TASK TO COMPLETE —
Below this sentence is a listing; return exactly its lines from the one with "by (simp add: einterval_0_infinity f_def)" to the one with "the n entries\<close>", both kept, and nothing more.

DATASET —
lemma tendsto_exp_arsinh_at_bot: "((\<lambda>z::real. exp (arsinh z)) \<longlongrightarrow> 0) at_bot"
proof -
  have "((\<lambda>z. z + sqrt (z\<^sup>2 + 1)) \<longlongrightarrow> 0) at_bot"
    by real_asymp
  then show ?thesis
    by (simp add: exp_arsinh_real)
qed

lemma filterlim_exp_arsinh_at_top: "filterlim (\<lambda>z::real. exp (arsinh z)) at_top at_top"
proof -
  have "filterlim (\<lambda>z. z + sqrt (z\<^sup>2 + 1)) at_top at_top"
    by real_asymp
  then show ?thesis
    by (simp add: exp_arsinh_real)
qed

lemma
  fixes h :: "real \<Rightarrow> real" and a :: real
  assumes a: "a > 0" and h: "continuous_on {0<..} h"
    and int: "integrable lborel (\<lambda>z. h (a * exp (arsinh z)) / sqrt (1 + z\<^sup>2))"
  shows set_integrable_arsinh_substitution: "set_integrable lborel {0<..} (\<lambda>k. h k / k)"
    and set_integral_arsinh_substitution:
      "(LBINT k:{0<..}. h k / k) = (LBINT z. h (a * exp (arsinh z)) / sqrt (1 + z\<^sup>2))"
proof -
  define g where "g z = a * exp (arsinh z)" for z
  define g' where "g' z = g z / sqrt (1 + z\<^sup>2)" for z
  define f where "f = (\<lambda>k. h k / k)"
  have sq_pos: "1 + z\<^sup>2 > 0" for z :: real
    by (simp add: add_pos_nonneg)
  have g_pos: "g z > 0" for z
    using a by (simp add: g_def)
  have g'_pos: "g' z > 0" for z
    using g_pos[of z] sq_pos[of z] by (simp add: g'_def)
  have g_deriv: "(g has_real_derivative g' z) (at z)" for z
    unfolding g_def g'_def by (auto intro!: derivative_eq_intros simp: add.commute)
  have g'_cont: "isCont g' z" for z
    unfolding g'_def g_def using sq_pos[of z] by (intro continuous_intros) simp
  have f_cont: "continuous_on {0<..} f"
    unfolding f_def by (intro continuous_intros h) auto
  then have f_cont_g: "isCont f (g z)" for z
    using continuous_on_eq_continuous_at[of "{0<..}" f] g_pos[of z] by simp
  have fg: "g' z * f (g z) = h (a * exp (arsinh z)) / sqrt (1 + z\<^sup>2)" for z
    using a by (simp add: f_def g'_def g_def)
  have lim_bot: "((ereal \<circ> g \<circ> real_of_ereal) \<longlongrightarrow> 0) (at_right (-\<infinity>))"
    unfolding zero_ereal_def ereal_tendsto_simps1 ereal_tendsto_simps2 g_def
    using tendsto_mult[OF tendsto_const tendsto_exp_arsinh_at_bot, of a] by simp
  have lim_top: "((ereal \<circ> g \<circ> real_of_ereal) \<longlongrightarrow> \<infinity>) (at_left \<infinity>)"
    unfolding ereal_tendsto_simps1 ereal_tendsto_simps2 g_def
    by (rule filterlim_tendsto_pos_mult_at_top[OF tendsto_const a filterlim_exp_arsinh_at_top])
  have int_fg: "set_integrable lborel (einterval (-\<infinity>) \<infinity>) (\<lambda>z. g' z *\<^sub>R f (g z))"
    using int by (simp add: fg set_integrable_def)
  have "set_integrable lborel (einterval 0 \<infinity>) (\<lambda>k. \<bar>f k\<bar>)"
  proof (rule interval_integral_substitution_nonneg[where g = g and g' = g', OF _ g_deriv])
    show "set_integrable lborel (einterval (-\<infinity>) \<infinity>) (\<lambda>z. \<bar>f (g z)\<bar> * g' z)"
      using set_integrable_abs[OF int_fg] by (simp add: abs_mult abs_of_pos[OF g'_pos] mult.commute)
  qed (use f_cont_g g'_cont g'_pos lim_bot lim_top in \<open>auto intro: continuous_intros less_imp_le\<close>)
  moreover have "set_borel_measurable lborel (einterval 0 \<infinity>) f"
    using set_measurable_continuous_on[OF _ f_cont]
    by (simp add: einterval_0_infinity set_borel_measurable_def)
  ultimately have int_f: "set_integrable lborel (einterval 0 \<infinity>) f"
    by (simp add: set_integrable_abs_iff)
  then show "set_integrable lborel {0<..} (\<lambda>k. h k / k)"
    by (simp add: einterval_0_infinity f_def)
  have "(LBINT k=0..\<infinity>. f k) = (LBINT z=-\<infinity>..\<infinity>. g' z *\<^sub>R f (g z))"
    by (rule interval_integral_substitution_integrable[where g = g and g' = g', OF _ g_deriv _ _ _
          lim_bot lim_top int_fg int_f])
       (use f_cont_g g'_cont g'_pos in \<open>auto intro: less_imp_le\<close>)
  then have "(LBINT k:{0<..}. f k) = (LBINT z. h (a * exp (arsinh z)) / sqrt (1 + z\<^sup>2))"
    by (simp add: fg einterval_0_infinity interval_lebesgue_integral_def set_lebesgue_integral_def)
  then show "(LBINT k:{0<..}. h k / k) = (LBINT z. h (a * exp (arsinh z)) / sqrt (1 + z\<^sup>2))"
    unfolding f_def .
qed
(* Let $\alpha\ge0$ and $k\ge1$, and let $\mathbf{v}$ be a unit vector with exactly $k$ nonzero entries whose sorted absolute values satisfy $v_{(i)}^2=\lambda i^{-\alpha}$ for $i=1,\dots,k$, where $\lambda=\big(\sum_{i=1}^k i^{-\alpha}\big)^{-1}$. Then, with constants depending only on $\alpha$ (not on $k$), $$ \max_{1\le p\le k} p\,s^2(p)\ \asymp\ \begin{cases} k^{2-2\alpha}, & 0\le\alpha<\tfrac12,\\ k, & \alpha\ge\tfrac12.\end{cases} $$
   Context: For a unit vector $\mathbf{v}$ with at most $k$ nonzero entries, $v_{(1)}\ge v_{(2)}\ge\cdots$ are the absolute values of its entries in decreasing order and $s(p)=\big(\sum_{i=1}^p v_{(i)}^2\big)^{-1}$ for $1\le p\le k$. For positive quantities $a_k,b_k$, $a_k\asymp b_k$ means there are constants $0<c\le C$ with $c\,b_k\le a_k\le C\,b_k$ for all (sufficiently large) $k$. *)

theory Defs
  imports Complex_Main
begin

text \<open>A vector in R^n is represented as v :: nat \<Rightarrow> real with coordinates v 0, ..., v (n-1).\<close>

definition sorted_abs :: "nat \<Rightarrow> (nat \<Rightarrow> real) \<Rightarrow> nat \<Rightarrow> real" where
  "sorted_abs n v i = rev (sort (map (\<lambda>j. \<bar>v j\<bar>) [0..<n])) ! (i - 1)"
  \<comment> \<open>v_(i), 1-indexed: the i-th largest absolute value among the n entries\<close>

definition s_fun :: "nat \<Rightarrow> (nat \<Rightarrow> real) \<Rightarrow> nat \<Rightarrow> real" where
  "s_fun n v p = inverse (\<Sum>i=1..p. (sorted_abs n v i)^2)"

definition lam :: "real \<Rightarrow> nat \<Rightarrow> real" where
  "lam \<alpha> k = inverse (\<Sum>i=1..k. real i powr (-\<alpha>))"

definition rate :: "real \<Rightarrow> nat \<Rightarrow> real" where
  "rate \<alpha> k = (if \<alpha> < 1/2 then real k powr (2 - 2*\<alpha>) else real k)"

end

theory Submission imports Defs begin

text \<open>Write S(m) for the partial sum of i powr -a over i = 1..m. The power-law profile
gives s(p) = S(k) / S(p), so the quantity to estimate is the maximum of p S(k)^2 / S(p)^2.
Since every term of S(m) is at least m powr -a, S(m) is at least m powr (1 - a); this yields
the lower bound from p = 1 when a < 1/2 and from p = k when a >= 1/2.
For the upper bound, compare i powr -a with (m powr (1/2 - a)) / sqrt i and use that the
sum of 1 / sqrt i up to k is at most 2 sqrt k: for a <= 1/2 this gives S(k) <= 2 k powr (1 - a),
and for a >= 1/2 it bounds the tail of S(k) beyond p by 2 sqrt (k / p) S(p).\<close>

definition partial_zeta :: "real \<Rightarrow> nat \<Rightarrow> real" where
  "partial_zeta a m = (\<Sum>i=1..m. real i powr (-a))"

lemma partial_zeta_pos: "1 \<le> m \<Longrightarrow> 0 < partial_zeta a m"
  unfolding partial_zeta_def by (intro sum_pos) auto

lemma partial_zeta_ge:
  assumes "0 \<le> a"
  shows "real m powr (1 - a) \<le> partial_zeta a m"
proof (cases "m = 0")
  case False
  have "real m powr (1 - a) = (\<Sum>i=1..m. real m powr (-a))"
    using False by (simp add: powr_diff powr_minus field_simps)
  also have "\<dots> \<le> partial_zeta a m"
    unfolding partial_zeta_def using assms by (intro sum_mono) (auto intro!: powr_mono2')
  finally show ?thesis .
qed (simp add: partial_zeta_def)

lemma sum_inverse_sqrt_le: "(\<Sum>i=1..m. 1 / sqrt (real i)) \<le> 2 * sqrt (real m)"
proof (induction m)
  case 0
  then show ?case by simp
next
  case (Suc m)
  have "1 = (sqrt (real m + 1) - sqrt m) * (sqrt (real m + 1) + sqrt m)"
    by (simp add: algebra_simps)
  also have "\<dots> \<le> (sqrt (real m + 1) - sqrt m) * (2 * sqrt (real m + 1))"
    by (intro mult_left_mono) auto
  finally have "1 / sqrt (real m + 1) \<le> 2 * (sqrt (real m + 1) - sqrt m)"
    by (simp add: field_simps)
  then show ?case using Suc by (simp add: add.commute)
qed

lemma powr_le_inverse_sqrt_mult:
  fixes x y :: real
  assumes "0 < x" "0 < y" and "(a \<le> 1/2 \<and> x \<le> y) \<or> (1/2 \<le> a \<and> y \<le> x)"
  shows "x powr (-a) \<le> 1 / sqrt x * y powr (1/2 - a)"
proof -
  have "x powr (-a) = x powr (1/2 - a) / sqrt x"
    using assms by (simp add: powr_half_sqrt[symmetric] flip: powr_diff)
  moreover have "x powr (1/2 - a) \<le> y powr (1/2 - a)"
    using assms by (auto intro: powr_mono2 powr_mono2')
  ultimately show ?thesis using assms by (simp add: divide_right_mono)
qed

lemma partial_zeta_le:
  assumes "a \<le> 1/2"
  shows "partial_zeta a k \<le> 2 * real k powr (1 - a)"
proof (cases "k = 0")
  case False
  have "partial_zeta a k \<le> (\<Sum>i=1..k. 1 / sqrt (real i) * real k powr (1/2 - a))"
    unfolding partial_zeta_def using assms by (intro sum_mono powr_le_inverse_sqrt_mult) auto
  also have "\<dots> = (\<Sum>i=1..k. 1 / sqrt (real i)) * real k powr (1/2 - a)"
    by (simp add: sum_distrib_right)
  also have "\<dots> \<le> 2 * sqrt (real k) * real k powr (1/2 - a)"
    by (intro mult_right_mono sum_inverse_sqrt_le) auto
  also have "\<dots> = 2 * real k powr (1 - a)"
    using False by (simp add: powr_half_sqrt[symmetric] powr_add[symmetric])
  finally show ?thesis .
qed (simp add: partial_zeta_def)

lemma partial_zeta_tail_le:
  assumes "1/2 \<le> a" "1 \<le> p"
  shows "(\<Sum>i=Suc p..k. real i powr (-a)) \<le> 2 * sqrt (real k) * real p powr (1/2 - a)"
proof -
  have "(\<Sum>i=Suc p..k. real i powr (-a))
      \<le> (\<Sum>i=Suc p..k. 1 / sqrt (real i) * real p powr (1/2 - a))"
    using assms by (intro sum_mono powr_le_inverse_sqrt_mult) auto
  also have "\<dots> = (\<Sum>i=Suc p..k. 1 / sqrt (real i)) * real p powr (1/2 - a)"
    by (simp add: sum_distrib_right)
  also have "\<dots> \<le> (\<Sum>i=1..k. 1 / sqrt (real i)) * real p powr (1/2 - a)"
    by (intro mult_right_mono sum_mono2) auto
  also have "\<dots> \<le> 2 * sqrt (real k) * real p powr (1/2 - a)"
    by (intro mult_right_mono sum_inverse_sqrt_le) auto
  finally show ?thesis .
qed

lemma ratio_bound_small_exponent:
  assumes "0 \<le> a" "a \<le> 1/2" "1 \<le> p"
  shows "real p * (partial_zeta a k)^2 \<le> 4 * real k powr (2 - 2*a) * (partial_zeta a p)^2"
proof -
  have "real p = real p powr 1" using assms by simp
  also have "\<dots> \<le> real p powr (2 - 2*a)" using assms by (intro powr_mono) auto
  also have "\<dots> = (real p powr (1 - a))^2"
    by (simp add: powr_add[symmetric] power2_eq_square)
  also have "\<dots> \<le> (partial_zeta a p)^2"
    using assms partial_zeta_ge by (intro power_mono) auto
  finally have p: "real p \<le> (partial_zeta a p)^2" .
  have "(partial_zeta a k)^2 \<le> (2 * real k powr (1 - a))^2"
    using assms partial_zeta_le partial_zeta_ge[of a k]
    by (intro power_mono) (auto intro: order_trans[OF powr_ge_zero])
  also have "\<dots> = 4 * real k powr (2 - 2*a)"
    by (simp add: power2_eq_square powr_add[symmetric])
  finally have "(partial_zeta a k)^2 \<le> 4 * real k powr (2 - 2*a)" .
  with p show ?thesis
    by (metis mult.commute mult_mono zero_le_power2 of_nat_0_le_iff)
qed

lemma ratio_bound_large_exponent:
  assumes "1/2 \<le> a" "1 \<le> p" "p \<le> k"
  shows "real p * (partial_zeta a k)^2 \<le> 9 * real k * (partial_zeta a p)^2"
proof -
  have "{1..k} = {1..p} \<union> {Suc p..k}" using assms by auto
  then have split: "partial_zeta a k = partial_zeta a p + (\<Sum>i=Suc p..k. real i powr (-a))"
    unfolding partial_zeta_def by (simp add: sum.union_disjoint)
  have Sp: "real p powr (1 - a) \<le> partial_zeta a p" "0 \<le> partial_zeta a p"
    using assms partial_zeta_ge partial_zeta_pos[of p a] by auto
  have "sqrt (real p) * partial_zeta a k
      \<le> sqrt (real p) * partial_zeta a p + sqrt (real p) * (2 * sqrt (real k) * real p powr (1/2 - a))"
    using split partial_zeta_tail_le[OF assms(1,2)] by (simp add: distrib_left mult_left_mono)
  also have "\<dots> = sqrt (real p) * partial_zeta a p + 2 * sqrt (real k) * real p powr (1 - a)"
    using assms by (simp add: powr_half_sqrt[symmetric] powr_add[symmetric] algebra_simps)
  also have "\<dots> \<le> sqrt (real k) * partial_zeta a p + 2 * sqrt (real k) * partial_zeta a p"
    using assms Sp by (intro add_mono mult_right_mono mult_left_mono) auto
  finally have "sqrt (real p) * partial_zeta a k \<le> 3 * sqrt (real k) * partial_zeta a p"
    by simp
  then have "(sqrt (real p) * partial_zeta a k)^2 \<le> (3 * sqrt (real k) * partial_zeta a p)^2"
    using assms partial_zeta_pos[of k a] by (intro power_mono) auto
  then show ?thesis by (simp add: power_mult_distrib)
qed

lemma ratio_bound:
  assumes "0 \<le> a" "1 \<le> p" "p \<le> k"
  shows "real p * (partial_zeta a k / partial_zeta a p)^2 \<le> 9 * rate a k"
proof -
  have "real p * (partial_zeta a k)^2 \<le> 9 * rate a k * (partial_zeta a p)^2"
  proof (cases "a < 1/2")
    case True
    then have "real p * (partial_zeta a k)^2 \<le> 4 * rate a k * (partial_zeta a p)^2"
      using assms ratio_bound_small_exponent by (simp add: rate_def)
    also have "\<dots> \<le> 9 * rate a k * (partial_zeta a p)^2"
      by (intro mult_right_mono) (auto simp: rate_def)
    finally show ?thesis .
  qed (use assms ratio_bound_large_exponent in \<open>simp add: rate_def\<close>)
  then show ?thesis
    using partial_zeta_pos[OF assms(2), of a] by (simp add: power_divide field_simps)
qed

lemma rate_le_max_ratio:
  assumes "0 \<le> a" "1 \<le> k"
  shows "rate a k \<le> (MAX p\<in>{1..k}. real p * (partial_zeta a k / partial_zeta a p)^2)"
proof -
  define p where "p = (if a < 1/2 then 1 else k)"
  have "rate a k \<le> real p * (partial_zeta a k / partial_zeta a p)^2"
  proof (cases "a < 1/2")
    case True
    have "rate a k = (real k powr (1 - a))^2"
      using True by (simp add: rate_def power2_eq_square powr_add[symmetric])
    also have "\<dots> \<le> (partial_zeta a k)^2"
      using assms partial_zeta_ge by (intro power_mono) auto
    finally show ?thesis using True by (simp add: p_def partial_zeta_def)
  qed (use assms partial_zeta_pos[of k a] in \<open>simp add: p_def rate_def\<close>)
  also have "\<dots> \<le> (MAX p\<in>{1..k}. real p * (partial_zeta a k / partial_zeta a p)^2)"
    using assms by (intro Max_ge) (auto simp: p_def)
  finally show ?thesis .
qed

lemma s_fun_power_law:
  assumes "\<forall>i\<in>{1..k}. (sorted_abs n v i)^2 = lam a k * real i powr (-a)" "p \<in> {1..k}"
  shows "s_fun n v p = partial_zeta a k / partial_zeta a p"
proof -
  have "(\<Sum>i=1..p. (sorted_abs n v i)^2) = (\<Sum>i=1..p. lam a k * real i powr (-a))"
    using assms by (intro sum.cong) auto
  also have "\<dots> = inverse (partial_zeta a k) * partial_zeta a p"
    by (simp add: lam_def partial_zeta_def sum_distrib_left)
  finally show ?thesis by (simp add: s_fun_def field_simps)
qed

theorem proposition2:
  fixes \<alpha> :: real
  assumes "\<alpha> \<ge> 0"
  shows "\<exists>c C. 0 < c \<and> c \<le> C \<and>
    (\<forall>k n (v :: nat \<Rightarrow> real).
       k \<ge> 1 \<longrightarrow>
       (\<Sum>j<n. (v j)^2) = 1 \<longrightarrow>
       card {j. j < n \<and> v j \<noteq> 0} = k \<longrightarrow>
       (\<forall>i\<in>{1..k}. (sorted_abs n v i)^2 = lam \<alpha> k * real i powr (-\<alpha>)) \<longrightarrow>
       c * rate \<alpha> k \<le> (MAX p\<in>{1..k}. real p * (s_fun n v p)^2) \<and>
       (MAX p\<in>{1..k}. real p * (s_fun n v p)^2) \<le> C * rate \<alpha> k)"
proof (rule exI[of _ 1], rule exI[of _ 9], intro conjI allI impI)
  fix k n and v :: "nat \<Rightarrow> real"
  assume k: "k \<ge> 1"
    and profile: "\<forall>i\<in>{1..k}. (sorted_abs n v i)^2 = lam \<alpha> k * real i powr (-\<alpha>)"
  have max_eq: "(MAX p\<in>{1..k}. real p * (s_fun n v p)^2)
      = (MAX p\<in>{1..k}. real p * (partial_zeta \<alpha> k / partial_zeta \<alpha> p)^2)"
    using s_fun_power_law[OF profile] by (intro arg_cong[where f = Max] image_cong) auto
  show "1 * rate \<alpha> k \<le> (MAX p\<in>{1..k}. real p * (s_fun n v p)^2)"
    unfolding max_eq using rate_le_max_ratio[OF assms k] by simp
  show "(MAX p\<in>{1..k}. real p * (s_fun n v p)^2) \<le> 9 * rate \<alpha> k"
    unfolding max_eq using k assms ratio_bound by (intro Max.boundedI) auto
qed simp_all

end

RESPONSE —
    by (simp add: einterval_0_infinity f_def)
  have "(LBINT k=0..\<infinity>. f k) = (LBINT z=-\<infinity>..\<infinity>. g' z *\<^sub>R f (g z))"
    by (rule interval_integral_substitution_integrable[where g = g and g' = g', OF _ g_deriv _ _ _
          lim_bot lim_top int_fg int_f])
       (use f_cont_g g'_cont g'_pos in \<open>auto intro: less_imp_le\<close>)
  then have "(LBINT k:{0<..}. f k) = (LBINT z. h (a * exp (arsinh z)) / sqrt (1 + z\<^sup>2))"
    by (simp add: fg einterval_0_infinity interval_lebesgue_integral_def set_lebesgue_integral_def)
  then show "(LBINT k:{0<..}. h k / k) = (LBINT z. h (a * exp (arsinh z)) / sqrt (1 + z\<^sup>2))"
    unfolding f_def .
qed
(* Let $\alpha\ge0$ and $k\ge1$, and let $\mathbf{v}$ be a unit vector with exactly $k$ nonzero entries whose sorted absolute values satisfy $v_{(i)}^2=\lambda i^{-\alpha}$ for $i=1,\dots,k$, where $\lambda=\big(\sum_{i=1}^k i^{-\alpha}\big)^{-1}$. Then, with constants depending only on $\alpha$ (not on $k$), $$ \max_{1\le p\le k} p\,s^2(p)\ \asymp\ \begin{cases} k^{2-2\alpha}, & 0\le\alpha<\tfrac12,\\ k, & \alpha\ge\tfrac12.\end{cases} $$
   Context: For a unit vector $\mathbf{v}$ with at most $k$ nonzero entries, $v_{(1)}\ge v_{(2)}\ge\cdots$ are the absolute values of its entries in decreasing order and $s(p)=\big(\sum_{i=1}^p v_{(i)}^2\big)^{-1}$ for $1\le p\le k$. For positive quantities $a_k,b_k$, $a_k\asymp b_k$ means there are constants $0<c\le C$ with $c\,b_k\le a_k\le C\,b_k$ for all (sufficiently large) $k$. *)

theory Defs
  imports Complex_Main
begin

text \<open>A vector in R^n is represented as v :: nat \<Rightarrow> real with coordinates v 0, ..., v (n-1).\<close>

definition sorted_abs :: "nat \<Rightarrow> (nat \<Rightarrow> real) \<Rightarrow> nat \<Rightarrow> real" where
  "sorted_abs n v i = rev (sort (map (\<lambda>j. \<bar>v j\<bar>) [0..<n])) ! (i - 1)"
  \<comment> \<open>v_(i), 1-indexed: the i-th largest absolute value among the n entries\<close>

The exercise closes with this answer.